Explain SSL Handshake?


1.Client initiates by sending a CLIENT HELLO message which contains SSL version that the client supports, in
what order the client prefer the versions, Ciphersuits (Cryptographic Algorithms) supported by the client,
Random Number.
2.Server will send back a SERVER HELLO message Which contains Version Number (Server selects SSL version
that is supported by both the server and the client), Cipher Suits (selected by server the best cipher suite
version that is supported by both of them), Session ID, Random Data.

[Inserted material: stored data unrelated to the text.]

lemma symmetric_mat_inner_commute:
  fixes S :: "real^'n::finite^'n"
  assumes "symmetric_mat S"
  shows "(S *v x) \<bullet> y = x \<bullet> (S *v y)"
  using assms by (simp add: inner_matrix_vector_mult_left symmetric_mat_def)

lemma linear_le_quadratic_imp_zero:
  fixes a b :: real
  assumes "\<And>t. a * t \<le> b * t\<^sup>2"
  shows "a = 0"
proof (rule ccontr)
  assume "a \<noteq> 0"
  define t where "t = a / (2 * \<bar>b\<bar> + 2)"
  have a: "a = (2 * \<bar>b\<bar> + 2) * t"
    by (simp add: t_def)
  with \<open>a \<noteq> 0\<close> have "t\<^sup>2 > 0"
    by simp
  have "(2 * \<bar>b\<bar> + 2) * t\<^sup>2 = a * t"
    by (simp add: a power2_eq_square)
  also have "\<dots> \<le> b * t\<^sup>2"
    by (rule assms)
  finally have "2 * \<bar>b\<bar> + 2 \<le> b"
    using \<open>t\<^sup>2 > 0\<close> by simp
  then show False
    using abs_ge_self[of b] by linarith
qed

text \<open>A maximiser of the Rayleigh quotient on an invariant subspace is an eigenvector:
  perturbing it by its own residual z = Sx - \<lambda>x, which is orthogonal to x, would otherwise
  increase the quotient to first order.\<close>
lemma rayleigh_maximiser_eigenvector:
  fixes S :: "real^'n::finite^'n"
  assumes sym: "symmetric_mat S" and V: "subspace V" and inv: "\<And>u. u \<in> V \<Longrightarrow> S *v u \<in> V"
    and x: "x \<in> V" "x \<bullet> x = 1"
    and max: "\<And>u. u \<in> V \<Longrightarrow> u \<bullet> (S *v u) \<le> (x \<bullet> (S *v x)) * (u \<bullet> u)"
  shows "S *v x = (x \<bullet> (S *v x)) *\<^sub>R x"
proof -
  define lam where "lam = x \<bullet> (S *v x)"
  define z where "z = S *v x - lam *\<^sub>R x"
  have zV: "z \<in> V"
    using x inv V by (simp add: z_def subspace_diff subspace_scale)
  have "x \<bullet> z = 0"
    using x by (simp add: z_def lam_def inner_diff_right)
  then have zx: "z \<bullet> x = 0"
    by (simp add: inner_commute)
  have zSx: "z \<bullet> (S *v x) = z \<bullet> z"
    using zx by (simp add: z_def inner_diff_right)
  have "2 * (z \<bullet> z) * t \<le> (lam * (z \<bullet> z) - z \<bullet> (S *v z)) * t\<^sup>2" for t
  proof -
    define u where "u = x + t *\<^sub>R z"
    have "u \<in> V"
      using x zV V by (simp add: u_def subspace_add subspace_scale)
    then have "u \<bullet> (S *v u) \<le> lam * (u \<bullet> u)"
      using max by (simp add: lam_def)
    moreover have "x \<bullet> (S *v z) = z \<bullet> z"
      using symmetric_mat_inner_commute[OF sym, of x z] zSx by (simp add: inner_commute)
    ultimately show ?thesis
      using x zx zSx
      by (simp add: u_def inner_commute lam_def power2_eq_square algebra_simps)
  qed
  then have "2 * (z \<bullet> z) = 0"
    by (rule linear_le_quadratic_imp_zero)
  then show ?thesis
    by (simp add: z_def lam_def)
qed

lemma symmetric_invariant_subspace_has_eigenvector:
  fixes S :: "real^'n::finite^'n"
  assumes sym: "symmetric_mat S" and V: "subspace V" "V \<noteq> {0}"
    and inv: "\<And>u. u \<in> V \<Longrightarrow> S *v u \<in> V"
  obtains x lam where "x \<in> V" "x \<noteq> 0" "S *v x = lam *\<^sub>R x"
proof -
  define K where "K = V \<inter> sphere 0 1"
  have "compact K"
    unfolding K_def using V by (intro closed_Int_compact closed_subspace) auto
  obtain v where "v \<in> V" "v \<noteq> 0"
    using V subspace_0 by blast
  then have "v /\<^sub>R norm v \<in> K"
    using V by (auto simp: K_def subspace_scale)
  then have "K \<noteq> {}"
    by blast
  moreover have "continuous_on K (\<lambda>u. u \<bullet> (S *v u))"
    by (intro continuous_intros linear_continuous_on matrix_vector_mul_bounded_linear)
  ultimately obtain x where xK: "x \<in> K" and xmax: "\<And>y. y \<in> K \<Longrightarrow> y \<bullet> (S *v y) \<le> x \<bullet> (S *v x)"
    using continuous_attains_sup[OF \<open>compact K\<close>] by blast
  have xV: "x \<in> V" and xx: "x \<bullet> x = 1"
    using xK by (auto simp: K_def norm_eq_1)
  have "u \<bullet> (S *v u) \<le> (x \<bullet> (S *v x)) * (u \<bullet> u)" if "u \<in> V" for u
  proof (cases "u = 0")
    case False
    then have "u /\<^sub>R norm u \<in> K"
      using that V by (auto simp: K_def subspace_scale)
    then have "(u /\<^sub>R norm u) \<bullet> (S *v (u /\<^sub>R norm u)) \<le> x \<bullet> (S *v x)"
      by (rule xmax)
    then show ?thesis
      using False by (simp add: matrix_vector_mult_scaleR power2_norm_eq_inner[symmetric]
          power2_eq_square field_simps)
  qed simp
  then have "S *v x = (x \<bullet> (S *v x)) *\<^sub>R x"
    using rayleigh_maximiser_eigenvector[OF sym V(1) inv xV xx] by blast
  moreover have "x \<noteq> 0"
    using xx by auto
  ultimately show thesis
    using that xV by blast
qed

3.Server also sends PKI certificate for authenticating himself signed and verified by Certificate Authority along
with the public key for encryption.
4.Server will than send Server Hello Done indicating that the server has finished sending its hello message,
and is waiting for a response from the client.
5.Client will sends its certificate if the server has also requested for client authentication in server hello
message.
6.Client will sends Client Key Exchange message after calculating the premaster secret with the help of the
random values of both the server and the client. This message is sent by encrypting it with the server's public
key which was shared through the hello message.
Server will decrypt the premaster secret with its private key. Now both client and server will perform series of
steps to generate session keys (symmetric) which will be used for encryption and decryption of data
exchanges during SSL session and also to verify its integrity.
7.Client will send CHANGE CIPHER SUITE message informing the server that future messages will be encrypted
using session key.
8.Client will send CLIENT FINISH (DONE) message indicating that client is done.
9.Server will also send CHANGE CIPHER SUITE message.
10.Client will also send CLIENT FINISH (DONE) message.